Data for analysis below:
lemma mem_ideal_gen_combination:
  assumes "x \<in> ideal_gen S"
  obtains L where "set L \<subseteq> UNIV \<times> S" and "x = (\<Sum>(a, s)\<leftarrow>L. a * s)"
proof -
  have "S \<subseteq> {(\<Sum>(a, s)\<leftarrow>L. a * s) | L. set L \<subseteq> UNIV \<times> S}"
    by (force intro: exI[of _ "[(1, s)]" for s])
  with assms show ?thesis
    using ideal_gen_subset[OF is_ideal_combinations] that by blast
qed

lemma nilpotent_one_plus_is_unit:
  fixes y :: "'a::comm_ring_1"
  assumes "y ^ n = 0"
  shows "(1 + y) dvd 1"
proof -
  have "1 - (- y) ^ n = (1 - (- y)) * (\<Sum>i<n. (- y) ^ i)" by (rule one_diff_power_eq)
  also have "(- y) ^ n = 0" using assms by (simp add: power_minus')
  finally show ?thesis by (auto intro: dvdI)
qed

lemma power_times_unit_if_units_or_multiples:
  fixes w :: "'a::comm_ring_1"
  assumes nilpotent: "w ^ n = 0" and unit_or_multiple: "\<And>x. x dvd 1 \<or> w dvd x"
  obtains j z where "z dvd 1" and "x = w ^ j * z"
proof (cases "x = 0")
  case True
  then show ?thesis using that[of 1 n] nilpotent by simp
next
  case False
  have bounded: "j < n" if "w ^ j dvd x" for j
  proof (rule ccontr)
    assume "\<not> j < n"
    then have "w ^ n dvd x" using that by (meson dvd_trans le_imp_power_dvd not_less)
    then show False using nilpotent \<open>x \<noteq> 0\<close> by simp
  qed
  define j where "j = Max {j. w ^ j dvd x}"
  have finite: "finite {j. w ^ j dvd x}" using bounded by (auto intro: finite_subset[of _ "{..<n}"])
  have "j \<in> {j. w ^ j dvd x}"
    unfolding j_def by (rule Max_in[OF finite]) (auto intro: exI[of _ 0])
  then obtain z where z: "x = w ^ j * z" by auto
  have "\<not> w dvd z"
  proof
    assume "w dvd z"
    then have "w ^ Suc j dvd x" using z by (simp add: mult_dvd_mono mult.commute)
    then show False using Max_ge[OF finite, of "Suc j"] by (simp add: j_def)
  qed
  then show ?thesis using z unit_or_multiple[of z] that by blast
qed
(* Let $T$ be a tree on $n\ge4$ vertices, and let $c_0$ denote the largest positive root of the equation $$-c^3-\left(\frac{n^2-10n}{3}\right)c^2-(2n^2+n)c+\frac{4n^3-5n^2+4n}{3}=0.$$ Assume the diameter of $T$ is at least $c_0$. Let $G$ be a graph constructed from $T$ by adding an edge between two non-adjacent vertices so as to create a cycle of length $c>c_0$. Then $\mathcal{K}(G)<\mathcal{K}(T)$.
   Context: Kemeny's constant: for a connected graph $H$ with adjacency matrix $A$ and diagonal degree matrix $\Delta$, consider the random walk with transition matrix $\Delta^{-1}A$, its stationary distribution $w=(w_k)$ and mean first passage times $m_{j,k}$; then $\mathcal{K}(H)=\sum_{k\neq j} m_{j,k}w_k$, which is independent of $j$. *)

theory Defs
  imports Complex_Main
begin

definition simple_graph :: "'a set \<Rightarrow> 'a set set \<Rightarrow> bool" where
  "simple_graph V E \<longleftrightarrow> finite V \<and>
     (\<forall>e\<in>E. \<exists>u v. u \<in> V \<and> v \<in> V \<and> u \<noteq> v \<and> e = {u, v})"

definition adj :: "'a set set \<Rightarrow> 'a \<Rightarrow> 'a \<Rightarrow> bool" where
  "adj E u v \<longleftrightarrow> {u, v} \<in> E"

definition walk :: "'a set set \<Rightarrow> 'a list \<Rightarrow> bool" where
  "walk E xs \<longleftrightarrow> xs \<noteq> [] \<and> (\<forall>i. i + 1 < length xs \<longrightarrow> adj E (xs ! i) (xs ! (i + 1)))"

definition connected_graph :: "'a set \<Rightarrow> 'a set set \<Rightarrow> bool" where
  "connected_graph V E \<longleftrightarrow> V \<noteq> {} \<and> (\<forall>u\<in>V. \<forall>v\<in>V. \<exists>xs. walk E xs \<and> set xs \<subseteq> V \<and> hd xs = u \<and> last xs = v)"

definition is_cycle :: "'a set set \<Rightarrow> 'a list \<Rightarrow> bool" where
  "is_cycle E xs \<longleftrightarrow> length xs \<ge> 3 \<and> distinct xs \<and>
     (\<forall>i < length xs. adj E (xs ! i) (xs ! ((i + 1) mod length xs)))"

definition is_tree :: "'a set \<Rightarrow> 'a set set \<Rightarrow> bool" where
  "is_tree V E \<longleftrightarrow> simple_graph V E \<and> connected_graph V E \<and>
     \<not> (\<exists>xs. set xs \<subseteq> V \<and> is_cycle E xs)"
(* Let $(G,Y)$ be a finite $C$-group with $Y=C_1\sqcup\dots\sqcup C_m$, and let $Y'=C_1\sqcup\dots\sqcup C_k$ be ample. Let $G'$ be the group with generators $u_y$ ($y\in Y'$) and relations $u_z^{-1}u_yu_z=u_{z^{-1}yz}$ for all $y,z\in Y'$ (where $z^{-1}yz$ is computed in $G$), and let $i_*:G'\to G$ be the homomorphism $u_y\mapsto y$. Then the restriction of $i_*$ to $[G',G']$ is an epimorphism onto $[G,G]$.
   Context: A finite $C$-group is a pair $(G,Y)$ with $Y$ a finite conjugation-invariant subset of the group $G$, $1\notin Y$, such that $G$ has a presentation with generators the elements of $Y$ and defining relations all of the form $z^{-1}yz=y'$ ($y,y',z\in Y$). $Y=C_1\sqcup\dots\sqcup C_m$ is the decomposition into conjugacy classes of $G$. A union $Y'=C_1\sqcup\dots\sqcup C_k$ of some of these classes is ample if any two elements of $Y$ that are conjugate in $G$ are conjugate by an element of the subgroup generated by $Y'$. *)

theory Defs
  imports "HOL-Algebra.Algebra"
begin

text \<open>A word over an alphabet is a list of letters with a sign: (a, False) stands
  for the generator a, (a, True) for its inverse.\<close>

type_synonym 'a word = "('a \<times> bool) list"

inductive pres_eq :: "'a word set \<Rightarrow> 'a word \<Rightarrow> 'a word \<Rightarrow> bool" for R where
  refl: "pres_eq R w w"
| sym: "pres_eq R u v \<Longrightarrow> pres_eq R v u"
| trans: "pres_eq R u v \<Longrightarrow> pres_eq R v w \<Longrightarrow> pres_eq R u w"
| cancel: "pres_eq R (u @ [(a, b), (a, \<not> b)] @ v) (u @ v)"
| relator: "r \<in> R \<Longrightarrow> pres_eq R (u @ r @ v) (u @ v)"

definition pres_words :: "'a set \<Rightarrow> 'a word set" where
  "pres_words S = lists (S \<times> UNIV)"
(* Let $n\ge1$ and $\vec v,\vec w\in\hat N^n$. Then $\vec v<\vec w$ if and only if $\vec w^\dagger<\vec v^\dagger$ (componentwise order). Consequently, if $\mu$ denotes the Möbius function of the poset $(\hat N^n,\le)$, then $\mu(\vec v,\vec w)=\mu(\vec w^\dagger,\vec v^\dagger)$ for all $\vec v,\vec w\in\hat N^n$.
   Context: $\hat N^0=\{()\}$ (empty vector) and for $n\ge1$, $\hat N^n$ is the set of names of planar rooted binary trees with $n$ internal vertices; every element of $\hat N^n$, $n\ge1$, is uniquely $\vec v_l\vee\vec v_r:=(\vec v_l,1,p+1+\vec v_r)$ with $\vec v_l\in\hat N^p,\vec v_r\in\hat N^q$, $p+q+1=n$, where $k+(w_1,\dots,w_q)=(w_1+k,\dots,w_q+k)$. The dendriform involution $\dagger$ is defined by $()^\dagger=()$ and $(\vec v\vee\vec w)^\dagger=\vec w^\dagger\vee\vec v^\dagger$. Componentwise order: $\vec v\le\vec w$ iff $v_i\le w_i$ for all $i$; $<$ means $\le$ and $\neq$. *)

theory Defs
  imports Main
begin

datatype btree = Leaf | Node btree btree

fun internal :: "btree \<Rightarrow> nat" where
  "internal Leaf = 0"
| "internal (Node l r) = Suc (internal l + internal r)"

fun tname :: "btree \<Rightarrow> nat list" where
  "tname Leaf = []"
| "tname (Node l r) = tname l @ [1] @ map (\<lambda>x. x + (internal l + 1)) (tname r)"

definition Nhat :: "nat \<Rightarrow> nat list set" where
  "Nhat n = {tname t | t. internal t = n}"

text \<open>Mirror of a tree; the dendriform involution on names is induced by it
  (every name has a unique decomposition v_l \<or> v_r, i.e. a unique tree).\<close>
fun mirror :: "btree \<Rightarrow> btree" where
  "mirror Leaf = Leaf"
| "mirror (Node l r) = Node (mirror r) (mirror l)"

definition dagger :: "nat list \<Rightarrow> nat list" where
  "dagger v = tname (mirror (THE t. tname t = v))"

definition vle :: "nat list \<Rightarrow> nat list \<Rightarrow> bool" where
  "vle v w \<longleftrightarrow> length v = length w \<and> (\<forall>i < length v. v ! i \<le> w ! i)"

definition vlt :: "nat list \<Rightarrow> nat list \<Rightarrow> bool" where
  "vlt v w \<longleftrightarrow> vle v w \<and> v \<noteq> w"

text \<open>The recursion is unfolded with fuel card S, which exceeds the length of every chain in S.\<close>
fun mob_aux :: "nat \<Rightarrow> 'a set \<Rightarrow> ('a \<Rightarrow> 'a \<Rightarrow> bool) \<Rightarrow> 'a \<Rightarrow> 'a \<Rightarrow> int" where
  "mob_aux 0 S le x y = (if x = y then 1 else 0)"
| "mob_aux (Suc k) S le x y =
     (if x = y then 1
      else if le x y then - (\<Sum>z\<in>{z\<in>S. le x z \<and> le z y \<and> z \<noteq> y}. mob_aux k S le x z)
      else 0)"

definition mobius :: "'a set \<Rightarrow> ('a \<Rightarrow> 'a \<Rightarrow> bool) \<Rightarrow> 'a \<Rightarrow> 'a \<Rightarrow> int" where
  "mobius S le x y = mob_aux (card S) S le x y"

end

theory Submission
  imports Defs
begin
End of Data for analysis.
Work task:
Your answer must be the lines from the one containing "w \<longleftrightarrow> length" to the last line of the entries, repeated exactly and with nothing else.

Solution for this exercise:
  "vle v w \<longleftrightarrow> length v = length w \<and> (\<forall>i < length v. v ! i \<le> w ! i)"

definition vlt :: "nat list \<Rightarrow> nat list \<Rightarrow> bool" where
  "vlt v w \<longleftrightarrow> vle v w \<and> v \<noteq> w"

text \<open>The recursion is unfolded with fuel card S, which exceeds the length of every chain in S.\<close>
fun mob_aux :: "nat \<Rightarrow> 'a set \<Rightarrow> ('a \<Rightarrow> 'a \<Rightarrow> bool) \<Rightarrow> 'a \<Rightarrow> 'a \<Rightarrow> int" where
  "mob_aux 0 S le x y = (if x = y then 1 else 0)"
| "mob_aux (Suc k) S le x y =
     (if x = y then 1
      else if le x y then - (\<Sum>z\<in>{z\<in>S. le x z \<and> le z y \<and> z \<noteq> y}. mob_aux k S le x z)
      else 0)"

definition mobius :: "'a set \<Rightarrow> ('a \<Rightarrow> 'a \<Rightarrow> bool) \<Rightarrow> 'a \<Rightarrow> 'a \<Rightarrow> int" where
  "mobius S le x y = mob_aux (card S) S le x y"

end

theory Submission
  imports Defs
begin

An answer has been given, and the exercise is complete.